“Be Perfect”

Joseph F. McConkie, Robert L. Millet

Becoming perfect is a process, one which begins in this life and which continues into the world to come. For a discussion of perfection as a process, see Robert L. Millet, By Grace Are We Saved, pp. 88-92 also Robert L. Millet and Joseph Fielding McConkie, The Life Beyond, pp. 136-42. (Compare Commentary 2:174-75.)

“I Would That Ye Should Be Perfect”

This is a staggering, a sobering, and for some a stifling commandment. It must be viewed in perspective. No person, not the mightiest Apostle or the greatest prophet-save Jesus only-has ever navigated the roads of mortal life without sin. No one but the Savior has done so in the past and no mortal shall accomplish that task in the future. How then do we proceed?

“We are never justified in lowering the lofty standard held out to followers of the Christ. Nor are our actions or attitudes approved of God if we suggest that the Savior did not mean what he said when he called us to the transcendent level of perfection.

Our task is not to water down the ideal, nor to dilute the directive. Rather, we must view our challenge with perspective, must see things as they really are, but also as they really can be.”

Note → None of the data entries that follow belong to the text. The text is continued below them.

(* Let $h$ be a positive integer, let $S$ be an arbitrary set of positive integers, and let $S'=\mathbb{N}_+\setminus\{mh\mid m\in\mathbb{N}_+\setminus S\}$. Then for every integer $n\ge 0$, $$G_{S'}(n)=G_S\left(\left\lfloor\frac{n}{h}\right\rfloor\right)h+(n\bmod h).$$
   Context: $\mathbb{N}_+$ denotes the set of positive integers. For a finite set $T$ of non-negative integers, $\mathrm{mex}\,T$ is the least non-negative integer not in $T$. For a set $S$ of positive integers, $\mathrm{Subtraction}(S)$ is the impartial normal-play game on a single heap, where a move takes a heap of $x$ tokens to a heap of $x-s$ tokens for some $s\in S$ with $s\le x$. Its $\mathcal{G}$-value sequence $G_S$ is defined recursively by $G_S(x)=\mathrm{mex}\{G_S(x-s)\mid s\in S,\ s\le x\}$ for $x=0,1,2,\ldots$. *)

theory Defs
  imports Main
begin

definition mex :: "nat set \<Rightarrow> nat" where
  "mex T = (LEAST k. k \<notin> T)"

text \<open>G-value sequence of Subtraction(S), S a set of positive integers.
  Only elements s with 1 \<le> s \<le> x are allowed moves from heap x.\<close>
function G :: "nat set \<Rightarrow> nat \<Rightarrow> nat" where
  "G S x = mex ((\<lambda>s. G S (x - s)) ` {s \<in> S. 0 < s \<and> s \<le> x})"
  by auto
termination
  by (relation "measure (\<lambda>(S, x). x)") auto

end

theory Submission
  imports Defs
begin

text \<open>Write a heap of size \<open>n\<close> as \<open>q h + r\<close> with \<open>r < h\<close>. A move of \<open>S'\<close> either removes a
  multiple \<open>m h\<close> with \<open>m \<in> S\<close>, acting as a move of \<open>Subtraction(S)\<close> on \<open>q\<close> and fixing \<open>r\<close>,
  or removes a non-multiple of \<open>h\<close>, which changes \<open>r\<close>. Hence the candidate value
  \<open>G\<^sub>S(q) h + r\<close> is never the value of an option, while every smaller value \<open>a h + b\<close>
  is: lower \<open>q\<close> to a position of value \<open>a < G\<^sub>S(q)\<close>, or keep \<open>q\<close> and lower \<open>r\<close> to \<open>b\<close>.
  Since the mex recursion determines its solution uniquely, the candidate is \<open>G\<^sub>S'\<close>.\<close>

lemma mex_eqI: "v \<notin> T \<Longrightarrow> (\<And>w. w < v \<Longrightarrow> w \<in> T) \<Longrightarrow> mex T = v"
  unfolding mex_def by (rule Least_equality) (auto simp: not_less[symmetric])

lemma mex_notin: "finite T \<Longrightarrow> mex T \<notin> T"
  unfolding mex_def by (metis LeastI_ex ex_new_if_finite infinite_UNIV_nat)

lemma less_mex_imp_mem: "w < mex T \<Longrightarrow> w \<in> T"
  unfolding mex_def using not_less_Least by blast

declare G.simps [simp del]

lemma G_move_neq:
  assumes "m \<in> S" "0 < m" "m \<le> x"
  shows "G S (x - m) \<noteq> G S x"
proof -
  let ?T = "(\<lambda>s. G S (x - s)) ` {s \<in> S. 0 < s \<and> s \<le> x}"
  have "G S x \<notin> ?T"
    by (subst G.simps) (rule mex_notin, simp)
  moreover have "G S (x - m) \<in> ?T"
    using assms by blast
  ultimately show ?thesis
    by metis
qed

lemma G_reaches_less:
  assumes "a < G S x"
  shows "\<exists>m\<in>S. 0 < m \<and> m \<le> x \<and> G S (x - m) = a"
proof -
  have "a \<in> (\<lambda>s. G S (x - s)) ` {s \<in> S. 0 < s \<and> s \<le> x}"
    using assms by (subst (asm) G.simps) (rule less_mex_imp_mem)
  then show ?thesis
    by auto
qed

lemma G_unique:
  assumes "\<And>x. f x = mex ((\<lambda>s. f (x - s)) ` {s \<in> S. 0 < s \<and> s \<le> x})"
  shows "f x = G S x"
proof (induction x rule: less_induct)
  case (less x)
  have "(\<lambda>s. f (x - s)) ` {s \<in> S. 0 < s \<and> s \<le> x} = (\<lambda>s. G S (x - s)) ` {s \<in> S. 0 < s \<and> s \<le> x}"
    using less by (intro image_cong) auto
  then show ?case
    by (subst assms, subst G.simps) simp
qed

lemma mult_add_less_mult_add_iff:
  fixes a b c d h :: nat
  assumes "b < h" "d < h"
  shows "a * h + b < c * h + d \<longleftrightarrow> a < c \<or> a = c \<and> b < d"
proof -
  have carry: "x * h + y < z * h" if "x < z" "y < h" for x y z :: nat
  proof -
    have "x * h + y < Suc x * h" using \<open>y < h\<close> by simp
    also have "\<dots> \<le> z * h" using \<open>x < z\<close> by (intro mult_le_mono1) simp
    finally show ?thesis .
  qed
  show ?thesis
    using carry[of a c b] carry[of c a d] assms by (cases a c rule: linorder_cases) auto
qed

lemma div_diff_of_dvd:
  fixes n t h :: nat
  assumes "t \<le> n" "h dvd n - t"
  shows "(n - t) div h = n div h - t div h"
proof -
  obtain k where "n = t + h * k"
    using assms by (metis dvdE le_add_diff_inverse)
  then show ?thesis
    by (cases "h = 0") simp_all
qed

definition scaled_moves :: "nat \<Rightarrow> nat set \<Rightarrow> nat set" where
  "scaled_moves h S = {k. 0 < k} - {m * h | m. 0 < m \<and> m \<notin> S}"

definition scaled_G :: "nat \<Rightarrow> nat set \<Rightarrow> nat \<Rightarrow> nat" where
  "scaled_G h S n = G S (n div h) * h + n mod h"

lemma mem_scaled_moves_iff:
  assumes "0 < h"
  shows "k \<in> scaled_moves h S \<longleftrightarrow> 0 < k \<and> (h dvd k \<longrightarrow> k div h \<in> S)"
  using assms unfolding scaled_moves_def by (auto elim!: dvdE)

lemma scaled_G_eq_iff:
  assumes "0 < h"
  shows "scaled_G h S x = scaled_G h S y \<longleftrightarrow> G S (x div h) = G S (y div h) \<and> x mod h = y mod h"
proof -
  have "scaled_G h S z div h = G S (z div h)" "scaled_G h S z mod h = z mod h" for z
    using assms unfolding scaled_G_def by simp_all
  then show ?thesis
    by (metis div_mult_mod_eq)
qed

lemma scaled_G_move_neq:
  assumes "0 < h" "s \<in> scaled_moves h S" "s \<le> n"
  shows "scaled_G h S (n - s) \<noteq> scaled_G h S n"
proof
  assume "scaled_G h S (n - s) = scaled_G h S n"
  then have same_G: "G S ((n - s) div h) = G S (n div h)" and "(n - s) mod h = n mod h"
    using assms(1) by (simp_all add: scaled_G_eq_iff)
  then have "h dvd s"
    using assms(3) mod_eq_dvd_iff_nat[of "n - s" n h] by simp
  define m where "m = s div h"
  have "m \<in> S" "0 < m"
    using assms \<open>h dvd s\<close> by (auto simp: mem_scaled_moves_iff m_def elim!: dvdE)
  moreover have "m = n div h - (n - s) div h" "(n - s) div h \<le> n div h"
    using assms(3) \<open>h dvd s\<close> div_diff_of_dvd[of "n - s" n h] by (simp_all add: m_def div_le_mono)
  then have "m \<le> n div h" "(n - s) div h = n div h - m"
    by simp_all
  ultimately show False
    using same_G G_move_neq by metis
qed

lemma diff_mem_scaled_moves:
  assumes "0 < h" "t < n" "t mod h = n mod h \<longrightarrow> n div h - t div h \<in> S"
  shows "n - t \<in> scaled_moves h S"
proof -
  have "(n - t) div h \<in> S" if "h dvd n - t"
  proof -
    have "t mod h = n mod h"
      using that assms(2) mod_eq_dvd_iff_nat[of t n h] by simp
    then show ?thesis
      using assms that by (simp add: div_diff_of_dvd)
  qed
  then show ?thesis
    using assms by (simp add: mem_scaled_moves_iff)
qed

lemma scaled_G_reaches_less:
  assumes "0 < h" "w < scaled_G h S n"
  shows "\<exists>s\<in>scaled_moves h S. 0 < s \<and> s \<le> n \<and> scaled_G h S (n - s) = w"
proof -
  define q r a b where "q = n div h" "r = n mod h" "a = w div h" "b = w mod h"
  have n: "n = q * h + r" and w: "w = a * h + b" and "r < h" "b < h"
    using assms(1) by (simp_all add: q_r_a_b_def)
  have "a * h + b < G S q * h + r"
    using assms(2) by (simp add: scaled_G_def q_r_a_b_def w[symmetric])
  then have "a < G S q \<or> a = G S q \<and> b < r"
    using \<open>b < h\<close> \<open>r < h\<close> by (simp add: mult_add_less_mult_add_iff)
  then obtain t where "t < n" "scaled_G h S t = w" "t mod h = n mod h \<longrightarrow> n div h - t div h \<in> S"
  proof
    assume "a < G S q"
    then obtain m where "m \<in> S" "0 < m" "m \<le> q" "G S (q - m) = a"
      using G_reaches_less by blast
    moreover have "(q - m) * h + b < n"
      using \<open>b < h\<close> \<open>r < h\<close> \<open>0 < m\<close> \<open>m \<le> q\<close> by (simp add: n mult_add_less_mult_add_iff)
    ultimately show ?thesis
      using \<open>b < h\<close> \<open>r < h\<close> that[of "(q - m) * h + b"] by (simp add: scaled_G_def w n)
  next
    assume "a = G S q \<and> b < r"
    then show ?thesis
      using \<open>b < h\<close> \<open>r < h\<close> that[of "q * h + b"] by (simp add: scaled_G_def w n)
  qed
  then show ?thesis
    using assms(1) diff_mem_scaled_moves[of h t n S] by (intro bexI[of _ "n - t"]) auto
qed

theorem theorem2p2:
  fixes h :: nat and S :: "nat set" and n :: nat
  assumes "0 < h"
    and "\<forall>s\<in>S. 0 < s"
  shows "G ({k. 0 < k} - {m * h | m. 0 < m \<and> m \<notin> S}) n
           = G S (n div h) * h + n mod h"
proof -
  have "scaled_G h S x
      = mex ((\<lambda>s. scaled_G h S (x - s)) ` {s \<in> scaled_moves h S. 0 < s \<and> s \<le> x})" for x
    by (intro mex_eqI[symmetric])
      (fastforce dest: scaled_G_move_neq[OF assms(1)], fastforce dest: scaled_G_reaches_less[OF assms(1)])
  then have "scaled_G h S n = G (scaled_moves h S) n"
    by (rule G_unique)
  then show ?thesis
    by (simp add: scaled_G_def scaled_moves_def)
qed

end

(Robert L. Millet, By Grace Are We Saved, p. 89.)

“Therefore I Would That Ye Should Be Perfect”

Some have attained perfection in the sense that they did all that was commanded them in the sense that they gave themselves wholly to the accomplishment of the will of the Lord. Specific persons like Noah, Shem, Ham, Japheth, and Job are named in scripture as those who became perfect in their generation (see Genesis 6:9; Moses 8:27; Job 1:1).

President Brigham Young explained that “we all occupy diversified stations in the world and in the kingdom of God. Those who do right, and seek the glory of the Father in heaven, whether they can do little or much, if they do the very best they know how, they are perfect..... ’Be ye as perfect as ye can, ’ for that is all we can do.... To be as perfect as we possibly can according to our knowledge is to be just as perfect as our father in Heaven is. He cannot be any more perfect than he knows how, any more than we. When we are doing as well as we know in the sphere and station which we occupy here we are justified.” (Deseret News Weekly, 31 August 1854, p. 37.)